Male nude mice (4- to 5-week old) were obtained from the Sichuan University Animal Center. Mice were housed in temperature-controlled rooms with a 12-h alternating light-dark cycle. HCT-116 cells (1 × 10⁷ cells/mL, 0.2 mL/mouse) were injected subcutaneously into the upper left flank region of mice. The mice were randomly divided into four groups (n = 6 per group). Mice in each group were treated daily with DA (0.3, 0.6, 1.2 mg/kg) or the same volume of saline as a negative control group by intraperitoneal administration every alternate day from day one. The dose of DA was based on our previous work that did not show any cytotoxic effect in normal mice. All the mice were sacrificed on day 13 after inoculation with HCT-116 cells. The tumor was measured for largest (a) and smallest (b) diameters, and the tumor volume was calculated as V = a × b²/2. Tumor inhibitory rates were calculated with the following formula: tumor inhibitory rate (%) = 1 − (tumor weight of treated group/tumor weight of control group) × 100%. Guidelines for the humane treatment of animals were followed as approved by the Sichuan University.

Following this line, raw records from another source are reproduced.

lemma kernel_weights_vanish:
  assumes x: "x \<in> carrier_vec n" and Gx: "G *\<^sub>v x = 0\<^sub>v n"
  shows "\<forall>i\<in>{1..n+1}. l i * (y i \<bullet> x - y 0 \<bullet> x) = 0"
proof -
  \<comment> \<open>\<open>G x = 0\<close> says that the weights \<open>l\<^sub>i (y\<^sub>i - y\<^sub>0) \<cdot> x\<close> form an affine relation among \<open>y\<^sub>1, \<dots>, y\<^sub>n\<^sub>+\<^sub>1\<close>.\<close>
  define c where "c i = l i * (y i \<bullet> x - y 0 \<bullet> x)" for i
  have "(\<Sum>i\<in>{1..n+1}. c i) = (\<Sum>i\<in>{1..n+1}. l i * (y i \<bullet> x)) - (\<Sum>i\<in>{1..n+1}. l i) * (y 0 \<bullet> x)"
    unfolding c_def by (simp only: right_diff_distrib sum_subtractf sum_distrib_right)
  then have "(\<Sum>i\<in>{1..n+1}. c i) = 0"
    using inner_affine_comb[OF x] bary_sum by simp
  moreover have "(\<Sum>i\<in>{1..n+1}. c i * y i $ a) = 0" if a: "a < n" for a
  proof -
    have "(\<Sum>i\<in>{1..n+1}. c i * y i $ a)
        = (\<Sum>i\<in>{1..n+1}. l i * (y i \<bullet> x) * y i $ a) - (y 0 \<bullet> x) * (\<Sum>i\<in>{1..n+1}. l i * y i $ a)"
      unfolding c_def
      by (simp only: right_diff_distrib left_diff_distrib sum_subtractf sum_distrib_left, simp only: mult_ac)
    also have "(\<Sum>i\<in>{1..n+1}. l i * y i $ a) = y 0 $ a" using bary_comb a by simp
    also have "(\<Sum>i\<in>{1..n+1}. l i * (y i \<bullet> x) * y i $ a) = (y 0 \<bullet> x) * y 0 $ a"
    proof -
      have "(\<Sum>i\<in>{0..n+1}. l i * (y i \<bullet> x) * y i $ a) = 0"
        using arg_cong[OF Gx, of "\<lambda>v. v $ a"] weighted_outer_sum_mult_vec[where I = "{0..n+1}", OF y_carrier x a]
          a by simp
      then show ?thesis using sum_split_0[of "\<lambda>i. l i * (y i \<bullet> x) * y i $ a"] l0 by simp
    qed
    finally show ?thesis by simp
  qed
  ultimately show ?thesis
    using aff unfolding affinely_independent_def c_def by blast
qed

DA-embedded nude mouse xenograft tissues were deparaffinized in xylene and rehydrated in graded alcohol. Endogenous peroxidase was blocked using hydrogen peroxide for 20 min. The slides were incubated with primary antibody of Bcl-2 and Bax overnight at 4 °C, and then incubated with a second antibody for 2 h at room temperature. Binding streptavidin-HRP was 20 min at RT. Staining time of DAB (Boster, Wuhan, China) solution depended on the sample condition. The stained slides were visualized on a microscope. Images were captured with an attached camera linked to a computer.

The results are expressed as the mean ± SD. Multiple comparisons were performed by one-way ANOVA followed by Duncan’s post-hoc test using SPSS 18.0 (Chicago, IL). A value of p < 0.05 was considered statistically significant.